The glowforge has two main ways of drawing artwork, and it can also cut. It decides what is what based on color, but you can always override in the glowforge interface. Think of colors as like layers, and you can tell each color to be a different type of operation.

Generally this is how the glowforge treats shapes that have a fill color.

This is a raster mode where the glowforge will scan back and forth like an old CRT television. At standard definition I find it takes about 2 hours to do a drawing that covers the entire board.

The glowforge moves a lost faster left/right than it does up/down, so when possible you want your engraves to be wide, not tall. For example if you're engraving a long string of text try to keep it horizontal, or rotate the object until it is horizontal. That can shave off entire minutes for each row of text.

Generally this (or cut) is how the glowforge treates objects that have just a stroke defined.

In this mode the laser follow your SVG path, laying down a line that's ~0.4mm. This tends to be a fair bit faster than engraving most of the time. You need to have a really complicated design before it's better to engrave than score.
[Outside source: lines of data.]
lemma infection_run_first_opportunity:
  assumes run: "infection_run E lam \<delta> (v, t0) f" and pos: "\<forall>e\<in>E. 1 \<le> lam e"
    and "w \<noteq> v" and opportunity: "can_infect E lam \<delta> f u w T"
  obtains \<tau> where "f w = Some \<tau>" "\<tau> \<le> T"
proof -
  define S where "S = {\<tau>. (\<exists>u. can_infect E lam \<delta> f u w \<tau>) \<and> \<tau> \<in> {1..T}}"
  have opportunity_pos: "1 \<le> \<tau>" if "can_infect E lam \<delta> f u' w \<tau>" for u' \<tau>
    using that pos by (auto elim: can_infectE)
  have "T \<in> S" using opportunity opportunity_pos unfolding S_def by auto
  moreover have "finite S" unfolding S_def by auto
  ultimately have min: "Min S \<in> S" "Min S \<le> T" by (metis Min_in Min_le empty_iff)+
  have "\<not> (\<exists>u. can_infect E lam \<delta> f u w \<tau>)" if "\<tau> < Min S" for \<tau>
  proof
    assume "\<exists>u. can_infect E lam \<delta> f u w \<tau>"
    then have "\<tau> \<in> S" using that min opportunity_pos unfolding S_def by fastforce
    then show False using that \<open>finite S\<close> by (meson Min_le not_le)
  qed
  moreover have "\<exists>u. can_infect E lam \<delta> f u w (Min S)" using min(1) unfolding S_def by blast
  ultimately have "f w = Some (Min S)"
    using run \<open>w \<noteq> v\<close> unfolding infection_run_def by simp
  then show thesis using that min(2) by blast
qed

lemma run_log_seed_child_before:
  assumes run: "infection_run E lam \<delta> (v, t0) f" and log: "run_log E lam \<delta> (v, t0) f L"
    and pos: "\<forall>e\<in>E. 1 \<le> lam e"
  shows "w \<noteq> v \<Longrightarrow> f w = Some \<sigma> \<Longrightarrow> \<exists>p \<tau>. (v, p, \<tau>) \<in> L \<and> \<tau> \<le> \<sigma>"
proof (induction "nat \<sigma>" arbitrary: w \<sigma> rule: less_induct)
  case less
  obtain u where u: "(u, w, \<sigma>) \<in> L" using run_log_infector[OF log less.prems] .
  show ?case
  proof (cases "u = v")
    case True
    then show ?thesis using u by blast
  next
    case False
    obtain \<sigma>' where su: "f u = Some \<sigma>'" "\<sigma>' < \<sigma>"
      using run_log_entryD(3)[OF log u] by (rule can_infectE)
    have "1 \<le> \<sigma>'" using infection_run_time_pos[OF run pos False su(1)] .
    then have "nat \<sigma>' < nat \<sigma>" using su(2) by simp
    then show ?thesis using less.hyps False su by fastforce
  qed
qed

lemma run_log_early_seed_child:
  assumes run: "infection_run E lam \<delta> (v, t0) f" and log: "run_log E lam \<delta> (v, t0) f L"
    and pos: "\<forall>e\<in>E. 1 \<le> lam e" and edge: "{v, w} \<in> E" "w \<noteq> v"
    and window: "t0 < lam {v, w}" "lam {v, w} \<le> t0 + \<delta>"
    and unlogged: "(v, w, lam {v, w}) \<notin> L"
  shows "\<exists>p \<tau>. (v, p, \<tau>) \<in> L \<and> \<tau> < lam {v, w}"
proof -
  obtain \<tau> where fw: "f w = Some \<tau>" "\<tau> \<le> lam {v, w}"
    using infection_run_first_opportunity[OF run pos \<open>w \<noteq> v\<close>
        infection_run_seed_can_infect[OF run edge(1) window]] .
  obtain u where u: "(u, w, \<tau>) \<in> L" using run_log_infector[OF log \<open>w \<noteq> v\<close> fw(1)] .
  show ?thesis
  proof (cases "u = v")
    case True
    then have "\<tau> \<noteq> lam {v, w}" using u unlogged by blast
    then show ?thesis using True u fw(2) by force
  next
    case False
    obtain \<sigma> where su: "f u = Some \<sigma>" "\<sigma> < \<tau>"
      using run_log_entryD(3)[OF log u] by (rule can_infectE)
    then show ?thesis using run_log_seed_child_before[OF run log pos False su(1)] fw(2) by force
  qed
qed
lemma exists_nontrivial_relation_fun:
  fixes v :: "'a \<Rightarrow> 'i \<Rightarrow> 'e::real_vector"
  assumes "finite U" "finite I" "\<And>i. i \<in> I \<Longrightarrow> finite (E i)"
    and "\<And>y i. y \<in> U \<Longrightarrow> i \<in> I \<Longrightarrow> v y i \<in> span (E i)"
    and "\<And>y i. y \<in> U \<Longrightarrow> i \<notin> I \<Longrightarrow> v y i = 0"
    and "(\<Sum>i\<in>I. card (E i)) < card U"
  shows "\<exists>w. (\<exists>y\<in>U. w y \<noteq> 0) \<and> (\<forall>i. (\<Sum>y\<in>U. w y *\<^sub>R v y i) = 0)"
proof -
  \<comment> \<open>There is no \<open>real_vector\<close> instance for functions, so the vector space structure of
    \<open>'i \<Rightarrow> 'e\<close> is interpreted locally.\<close>
  interpret F: vector_space "\<lambda>c (f :: 'i \<Rightarrow> 'e) i. c *\<^sub>R f i"
    by unfold_locales (auto simp: fun_eq_iff algebra_simps)
  define single :: "'i \<Rightarrow> 'e \<Rightarrow> 'i \<Rightarrow> 'e" where "single i b = (\<lambda>j. if j = i then b else 0)" for i b
  have single_hom: "module_hom scaleR (\<lambda>c (f :: 'i \<Rightarrow> 'e) i. c *\<^sub>R f i) (single i)" for i
    by unfold_locales (auto simp: single_def fun_eq_iff algebra_simps)
  define T where "T = (\<Union>i\<in>I. single i ` E i)"
  have "finite T"
    unfolding T_def using assms(2,3) by blast
  have "card T \<le> (\<Sum>i\<in>I. card (single i ` E i))"
    unfolding T_def using assms(2) by (rule card_UN_le)
  also have "\<dots> \<le> (\<Sum>i\<in>I. card (E i))"
    using assms(3) by (intro sum_mono card_image_le)
  finally have "card T < card U"
    using assms(6) by linarith
  have "v y \<in> F.span T" if "y \<in> U" for y
  proof -
    have "single i (v y i) \<in> F.span T" if "i \<in> I" for i
    proof -
      have "single i (v y i) \<in> single i ` span (E i)"
        using assms(4)[OF \<open>y \<in> U\<close> that] by (rule imageI)
      also have "\<dots> = F.span (single i ` E i)"
        unfolding span_raw_def by (rule module_hom.span_image[OF single_hom, symmetric])
      also have "\<dots> \<subseteq> F.span T"
        unfolding T_def using that by (intro F.span_mono) blast
      finally show ?thesis .
    qed
    then have "(\<Sum>i\<in>I. single i (v y i)) \<in> F.span T"
      by (rule F.span_sum)
    moreover have "(\<Sum>i\<in>I. single i (v y i)) = v y"
      using assms(2) assms(5)[OF that] by (auto simp: fun_eq_iff sum_fun_apply single_def)
    ultimately show ?thesis
      by simp
  qed
  then obtain w where w: "\<exists>y\<in>U. w y \<noteq> 0" "(\<Sum>y\<in>U. (\<lambda>i. w y *\<^sub>R v y i)) = 0"
    using F.exists_nontrivial_relation_if_card_lt[OF \<open>finite T\<close> assms(1) \<open>card T < card U\<close>] by blast
  have "(\<Sum>y\<in>U. w y *\<^sub>R v y i) = 0" for i
    using fun_cong[OF w(2), of i] unfolding sum_fun_apply by (simp add: zero_fun_def)
  then show ?thesis
    using w(1) by blast
qed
The glowforge has an 19x11 inch area it can cut in, a bit smaller if you're engraving as it needs time to decelerate the glowforge head.

Tips and tricks

Stroke fonts

For text I try to use stroke fonts, unless the client has a very specific font in mind. A dead simple stroke font will cut incredibly fast, some of them consist of essentially one line, like you'd write a letter with a pen. More complex serif fonts are slower, but still much faster than engraving.

I use the "Hershey Text" extention built in to inkscape.

Stroke font example


list of stroke fonts

If the client requires a more specific font I just use a normal font, convert it to a path, and engrave it.